Report only the number of lines below in which the string "intro" appears.

─── EXERCISE MATERIALS ───

(* Let $n \ge 3$ and let $S$ be a $4$-cap free and $n$-cup free configuration with a fixed slope labeling $s$, and let $\alpha(p)=\alpha_1(p)$ and $\beta(p)=\alpha_2(p)$ be its $\alpha$-statistic. For any two distinct points $p, q$ with $\beta(p)=\beta(q)$: the edge joining $p$ and $q$ has label $1$, and $p<q$ if and only if $\alpha(p)<\alpha(q)$. For any two distinct points $p,q$ with $\alpha(p)=\alpha(q)$: the edge joining $p$ and $q$ has label $2$, and $p<q$ if and only if $\beta(p)<\beta(q)$.
   Context: A configuration is a finite set $S$ of points with a linear order $<$ and, for every $3$-element subset, an arbitrary assignment declaring it either a cap or a cup. Points $x_1<\cdots<x_a$ form an $a$-cup (resp. $a$-cap) if every consecutive triple $\{x_{i-1},x_i,x_{i+1}\}$, $1<i<a$, is assigned cup (resp. cap); $1$- and $2$-element sets are both caps and cups. The length of a cup is its number of points; a cup $x_1\cdots x_a$ with $a\ge 2$ ends with the point $x_a$ and the edge $x_{a-1}x_a$. An edge is a pair $x<y$, written $xy$. A slope labeling of a $4$-cap free configuration is an assignment $s(xy)\in\{1,2\}$ to every edge such that for any $x<y<z$, $s(xy)\le s(yz)$ implies $\{x,y,z\}$ is a $3$-cup. For $p\in S$, $\alpha(p)$ is the maximum length of a cup ending with $p$ and with an edge of label $1$ ($\alpha(p)=1$ if none), and $\beta(p)$ is the maximum length of a cup ending with $p$. *)

theory Defs
  imports Main
begin

text \<open>A configuration: a finite set S of a linearly ordered type; the predicate
  iscup assigns to every 3-element subset T whether it is a cup (iscup T) or a
  cap (\<not> iscup T).\<close>

definition is_cup :: "('a::linorder set \<Rightarrow> bool) \<Rightarrow> 'a set \<Rightarrow> 'a list \<Rightarrow> bool" where
  "is_cup iscup S xs \<longleftrightarrow> sorted_wrt (<) xs \<and> set xs \<subseteq> S \<and>
     (\<forall>i. i + 2 < length xs \<longrightarrow> iscup {xs!i, xs!(i+1), xs!(i+2)})"

definition is_cap :: "('a::linorder set \<Rightarrow> bool) \<Rightarrow> 'a set \<Rightarrow> 'a list \<Rightarrow> bool" where
  "is_cap iscup S xs \<longleftrightarrow> sorted_wrt (<) xs \<and> set xs \<subseteq> S \<and>
     (\<forall>i. i + 2 < length xs \<longrightarrow> \<not> iscup {xs!i, xs!(i+1), xs!(i+2)})"

definition cup_free :: "nat \<Rightarrow> ('a::linorder set \<Rightarrow> bool) \<Rightarrow> 'a set \<Rightarrow> bool" where
  "cup_free a iscup S \<longleftrightarrow> \<not> (\<exists>xs. is_cup iscup S xs \<and> length xs = a)"

definition cap_free :: "nat \<Rightarrow> ('a::linorder set \<Rightarrow> bool) \<Rightarrow> 'a set \<Rightarrow> bool" where
  "cap_free a iscup S \<longleftrightarrow> \<not> (\<exists>xs. is_cap iscup S xs \<and> length xs = a)"

definition slope_labeling ::
  "('a::linorder set \<Rightarrow> bool) \<Rightarrow> 'a set \<Rightarrow> ('a \<Rightarrow> 'a \<Rightarrow> nat) \<Rightarrow> bool" where
  "slope_labeling iscup S s \<longleftrightarrow>
     (\<forall>x\<in>S. \<forall>y\<in>S. x < y \<longrightarrow> s x y \<in> {1, 2}) \<and>
     (\<forall>x\<in>S. \<forall>y\<in>S. \<forall>z\<in>S. x < y \<and> y < z \<and> s x y \<le> s y z \<longrightarrow> iscup {x, y, z})"

definition alpha_stat ::
  "('a::linorder set \<Rightarrow> bool) \<Rightarrow> 'a set \<Rightarrow> ('a \<Rightarrow> 'a \<Rightarrow> nat) \<Rightarrow> 'a \<Rightarrow> nat" where
  "alpha_stat iscup S s p = Max ({1} \<union> {length xs | xs. is_cup iscup S xs \<and> length xs \<ge> 2 \<and>
       last xs = p \<and> s (xs ! (length xs - 2)) p = 1})"

definition beta_stat ::
  "('a::linorder set \<Rightarrow> bool) \<Rightarrow> 'a set \<Rightarrow> 'a \<Rightarrow> nat" where
  "beta_stat iscup S p = Max {length xs | xs. is_cup iscup S xs \<and> xs \<noteq> [] \<and> last xs = p}"

end

theory Submission
  imports Defs
begin

text \<open>Appending q to a cup ending with p keeps it a cup as soon as the label of its last edge
  is at most s p q. An edge pq of label 1 therefore extends every cup ending with an edge of
  label 1, so \<open>\<alpha>(p) < \<alpha>(q)\<close>, and an edge of label 2 extends every cup, so \<open>\<beta>(p) < \<beta>(q)\<close>.
  Since every label is 1 or 2, equality of one statistic determines the label and leaves the
  other statistic strictly increasing along the order.\<close>

lemma is_cup_length_le_card:
  assumes "is_cup iscup S xs" "finite S"
  shows "length xs \<le> card S"
proof -
  have "distinct xs"
    using assms(1) unfolding is_cup_def by (simp add: strict_sorted_iff)
  then have "length xs = card (set xs)"
    by (simp add: distinct_card)
  also have "\<dots> \<le> card S"
    using assms unfolding is_cup_def by (simp add: card_mono)
  finally show ?thesis .
qed

lemma finite_cup_lengths:
  assumes "finite S"
  shows "finite {length xs | xs. is_cup iscup S xs \<and> P xs}"
  by (rule finite_subset[of _ "{..card S}"]) (auto dest: is_cup_length_le_card[OF _ assms])

lemma is_cup_append:
  assumes cup: "is_cup iscup S (ys @ [p])" and "q \<in> S" "p < q"
    and last_triple: "ys \<noteq> [] \<Longrightarrow> iscup {last ys, p, q}"
  shows "is_cup iscup S (ys @ [p, q])"
proof -
  have sorted: "sorted_wrt (<) (ys @ [p, q])"
  proof -
    have sorted_p: "sorted_wrt (<) (ys @ [p])"
      using cup unfolding is_cup_def by simp
    then have "\<forall>x \<in> set (ys @ [p]). x < q"
      using \<open>p < q\<close> by (auto simp: sorted_wrt_append)
    with sorted_p have "sorted_wrt (<) ((ys @ [p]) @ [q])"
      by (simp only: sorted_wrt_append) simp
    then show ?thesis
      by simp
  qed
  have "iscup {(ys @ [p, q]) ! i, (ys @ [p, q]) ! (i + 1), (ys @ [p, q]) ! (i + 2)}"
    if i: "i + 2 < length (ys @ [p, q])" for i
  proof (cases "i + 2 < length (ys @ [p])")
    case True
    have "(ys @ [p, q]) ! j = (ys @ [p]) ! j" if "j < length (ys @ [p])" for j
      using that by (metis append.assoc append_Cons append_Nil nth_append)
    with True cup show ?thesis
      unfolding is_cup_def by simp
  next
    case False
    with i have "ys \<noteq> []" "i + 1 = length ys"
      by auto
    then obtain zs r where "ys = zs @ [r]" "i = length zs"
      by (cases ys rule: rev_cases) auto
    with last_triple show ?thesis
      by (simp add: nth_append)
  qed
  with sorted cup \<open>q \<in> S\<close> show ?thesis
    unfolding is_cup_def by auto
qed

lemma is_cup_append_label:
  assumes lab: "slope_labeling iscup S s" and cup: "is_cup iscup S (ys @ [p])"
    and "q \<in> S" "p < q" and le: "ys \<noteq> [] \<Longrightarrow> s (last ys) p \<le> s p q"
  shows "is_cup iscup S (ys @ [p, q])"
proof (rule is_cup_append[OF cup \<open>q \<in> S\<close> \<open>p < q\<close>])
  assume "ys \<noteq> []"
  with cup have "last ys \<in> S" "p \<in> S" "last ys < p"
    unfolding is_cup_def by (auto simp: sorted_wrt_append)
  with lab le[OF \<open>ys \<noteq> []\<close>] \<open>q \<in> S\<close> \<open>p < q\<close> show "iscup {last ys, p, q}"
    unfolding slope_labeling_def by blast
qed

lemma length_le_alpha_stat:
  assumes "finite S" "s p q = 1" "is_cup iscup S (ys @ [p, q])"
  shows "length ys + 2 \<le> alpha_stat iscup S s q"
  unfolding alpha_stat_def
  by (rule Max_ge) (use assms finite_cup_lengths[OF \<open>finite S\<close>] in
      \<open>auto intro!: exI[of _ "ys @ [p, q]"] simp: nth_append\<close>)

lemma alpha_stat_cases:
  assumes "finite S"
  obtains "alpha_stat iscup S s p = 1"
  | ys where "is_cup iscup S (ys @ [p])" "ys \<noteq> []" "s (last ys) p = 1"
      "alpha_stat iscup S s p = length ys + 1"
proof -
  have "alpha_stat iscup S s p \<in> {1} \<union> {length xs | xs. is_cup iscup S xs \<and> length xs \<ge> 2 \<and>
       last xs = p \<and> s (xs ! (length xs - 2)) p = 1}"
    unfolding alpha_stat_def
    by (rule Max_in) (use finite_cup_lengths[OF assms] in auto)
  then consider "alpha_stat iscup S s p = 1"
    | xs where "is_cup iscup S xs" "length xs \<ge> 2" "last xs = p"
      "s (xs ! (length xs - 2)) p = 1" "alpha_stat iscup S s p = length xs"
    by auto
  then show ?thesis
  proof cases
    case 1
    then show ?thesis
      by (rule that(1))
  next
    case (2 xs)
    define ys where "ys = butlast xs"
    have "xs \<noteq> []"
      using \<open>length xs \<ge> 2\<close> by auto
    then have xs: "xs = ys @ [p]"
      using \<open>last xs = p\<close> unfolding ys_def by (metis append_butlast_last_id)
    with \<open>length xs \<ge> 2\<close> have "ys \<noteq> []"
      by auto
    with xs have "xs ! (length xs - 2) = last ys"
      by (simp add: nth_append last_conv_nth)
    with 2 xs \<open>ys \<noteq> []\<close> show ?thesis
      using that(2) by simp
  qed
qed

lemma length_le_beta_stat:
  assumes "finite S" "is_cup iscup S xs" "xs \<noteq> []" "last xs = q"
  shows "length xs \<le> beta_stat iscup S q"
  unfolding beta_stat_def
  by (rule Max_ge) (use assms finite_cup_lengths[OF \<open>finite S\<close>] in auto)

lemma beta_stat_attained:
  assumes "finite S" "p \<in> S"
  obtains ys where "is_cup iscup S (ys @ [p])" "beta_stat iscup S p = length ys + 1"
proof -
  let ?B = "{length xs | xs. is_cup iscup S xs \<and> xs \<noteq> [] \<and> last xs = p}"
  have "is_cup iscup S [p]"
    using assms(2) unfolding is_cup_def by simp
  then have "1 \<in> ?B"
    by (intro CollectI exI[of _ "[p]"]) simp
  then have "Max ?B \<in> ?B"
    by (intro Max_in finite_cup_lengths[OF assms(1)]) blast
  then obtain xs where xs: "is_cup iscup S xs" "xs \<noteq> []" "last xs = p"
    and beta: "beta_stat iscup S p = length xs"
    unfolding beta_stat_def by blast
  define ys where "ys = butlast xs"
  have "xs = ys @ [p]"
    using xs unfolding ys_def by (metis append_butlast_last_id)
  with xs beta show ?thesis
    by (intro that[of ys]) simp_all
qed

lemma alpha_stat_less_if_label_1:
  assumes "finite S" "slope_labeling iscup S s" "p \<in> S" "q \<in> S" "p < q" "s p q = 1"
  shows "alpha_stat iscup S s p < alpha_stat iscup S s q"
  using \<open>finite S\<close>
proof (cases rule: alpha_stat_cases[where p = p and iscup = iscup and s = s])
  case 1
  have "is_cup iscup S ([] @ [p, q])"
    using assms unfolding is_cup_def by simp
  then have "length ([] :: 'a list) + 2 \<le> alpha_stat iscup S s q"
    by (rule length_le_alpha_stat[where s = s, OF \<open>finite S\<close> \<open>s p q = 1\<close>])
  with 1 show ?thesis
    by simp
next
  case (2 ys)
  then have "is_cup iscup S (ys @ [p, q])"
    using is_cup_append_label[OF \<open>slope_labeling iscup S s\<close> _ \<open>q \<in> S\<close> \<open>p < q\<close>]
      \<open>s p q = 1\<close> by simp
  then have "length ys + 2 \<le> alpha_stat iscup S s q"
    by (rule length_le_alpha_stat[where s = s, OF \<open>finite S\<close> \<open>s p q = 1\<close>])
  with 2 show ?thesis
    by simp
qed

lemma beta_stat_less_if_label_2:
  assumes fin: "finite S" and lab: "slope_labeling iscup S s"
    and "p \<in> S" "q \<in> S" "p < q" "s p q = 2"
  shows "beta_stat iscup S p < beta_stat iscup S q"
proof -
  obtain ys where cup: "is_cup iscup S (ys @ [p])" and beta: "beta_stat iscup S p = length ys + 1"
    using beta_stat_attained[OF fin \<open>p \<in> S\<close>] .
  have "s (last ys) p \<le> s p q" if "ys \<noteq> []"
  proof -
    from cup that have "last ys \<in> S" "last ys < p"
      unfolding is_cup_def by (auto simp: sorted_wrt_append)
    with lab \<open>p \<in> S\<close> \<open>s p q = 2\<close> show ?thesis
      unfolding slope_labeling_def by fastforce
  qed
  then have "is_cup iscup S (ys @ [p, q])"
    using is_cup_append_label[OF lab cup \<open>q \<in> S\<close> \<open>p < q\<close>] by blast
  from length_le_beta_stat[OF fin this] beta show ?thesis
    by simp
qed

lemma slope_labeling_cases:
  assumes "slope_labeling iscup S s" "p \<in> S" "q \<in> S" "p < q"
  obtains "s p q = 1" | "s p q = 2"
  using assms unfolding slope_labeling_def by blast

lemma equal_beta_stat_ordered:
  assumes fin: "finite S" and lab: "slope_labeling iscup S s" and pq: "p \<in> S" "q \<in> S" "p < q"
    and "beta_stat iscup S p = beta_stat iscup S q"
  shows "s p q = 1 \<and> alpha_stat iscup S s p < alpha_stat iscup S s q"
proof (cases rule: slope_labeling_cases[OF lab pq])
  case 1
  then show ?thesis
    using alpha_stat_less_if_label_1[OF fin lab pq] by simp
next
  case 2
  then have "beta_stat iscup S p < beta_stat iscup S q"
    by (rule beta_stat_less_if_label_2[OF fin lab pq])
  with \<open>beta_stat iscup S p = beta_stat iscup S q\<close> show ?thesis
    by simp
qed

lemma equal_alpha_stat_ordered:
  assumes fin: "finite S" and lab: "slope_labeling iscup S s" and pq: "p \<in> S" "q \<in> S" "p < q"
    and "alpha_stat iscup S s p = alpha_stat iscup S s q"
  shows "s p q = 2 \<and> beta_stat iscup S p < beta_stat iscup S q"
proof (cases rule: slope_labeling_cases[OF lab pq])
  case 1
  then have "alpha_stat iscup S s p < alpha_stat iscup S s q"
    by (rule alpha_stat_less_if_label_1[OF fin lab pq])
  with \<open>alpha_stat iscup S s p = alpha_stat iscup S s q\<close> show ?thesis
    by simp
next
  case 2
  then show ?thesis
    using beta_stat_less_if_label_2[OF fin lab pq] by simp
qed

lemma equal_beta_stat:
  assumes fin: "finite S" and lab: "slope_labeling iscup S s" and "p \<in> S" "q \<in> S" "p \<noteq> q"
    and eq: "beta_stat iscup S p = beta_stat iscup S q"
  shows "s (min p q) (max p q) = 1 \<and> (p < q \<longleftrightarrow> alpha_stat iscup S s p < alpha_stat iscup S s q)"
proof (cases "p < q")
  case True
  with equal_beta_stat_ordered[OF fin lab \<open>p \<in> S\<close> \<open>q \<in> S\<close> True eq] show ?thesis
    by simp
next
  case False
  with \<open>p \<noteq> q\<close> have "q < p"
    by simp
  with False equal_beta_stat_ordered[OF fin lab \<open>q \<in> S\<close> \<open>p \<in> S\<close> this eq[symmetric]] show ?thesis
    by (simp add: min_absorb2 max_absorb1)
qed

lemma equal_alpha_stat:
  assumes fin: "finite S" and lab: "slope_labeling iscup S s" and "p \<in> S" "q \<in> S" "p \<noteq> q"
    and eq: "alpha_stat iscup S s p = alpha_stat iscup S s q"
  shows "s (min p q) (max p q) = 2 \<and> (p < q \<longleftrightarrow> beta_stat iscup S p < beta_stat iscup S q)"
proof (cases "p < q")
  case True
  with equal_alpha_stat_ordered[OF fin lab \<open>p \<in> S\<close> \<open>q \<in> S\<close> True eq] show ?thesis
    by simp
next
  case False
  with \<open>p \<noteq> q\<close> have "q < p"
    by simp
  with False equal_alpha_stat_ordered[OF fin lab \<open>q \<in> S\<close> \<open>p \<in> S\<close> this eq[symmetric]] show ?thesis
    by (simp add: min_absorb2 max_absorb1)
qed

theorem corollary4p3:
  fixes S :: "'a::linorder set" and iscup :: "'a set \<Rightarrow> bool"
    and s :: "'a \<Rightarrow> 'a \<Rightarrow> nat" and n :: nat
  assumes "n \<ge> 3" and "finite S"
    and "cap_free 4 iscup S" and "cup_free n iscup S"
    and "slope_labeling iscup S s"
  shows "(\<forall>p\<in>S. \<forall>q\<in>S. p \<noteq> q \<and> beta_stat iscup S p = beta_stat iscup S q \<longrightarrow>
            s (min p q) (max p q) = 1 \<and>
            (p < q \<longleftrightarrow> alpha_stat iscup S s p < alpha_stat iscup S s q)) \<and>
         (\<forall>p\<in>S. \<forall>q\<in>S. p \<noteq> q \<and> alpha_stat iscup S s p = alpha_stat iscup S s q \<longrightarrow>
            s (min p q) (max p q) = 2 \<and>
            (p < q \<longleftrightarrow> beta_stat iscup S p < beta_stat iscup S q))"
  using equal_beta_stat[OF assms(2,5)] equal_alpha_stat[OF assms(2,5)] by blast

end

───

> **SOLUTION FOR THIS PROBLEM**
4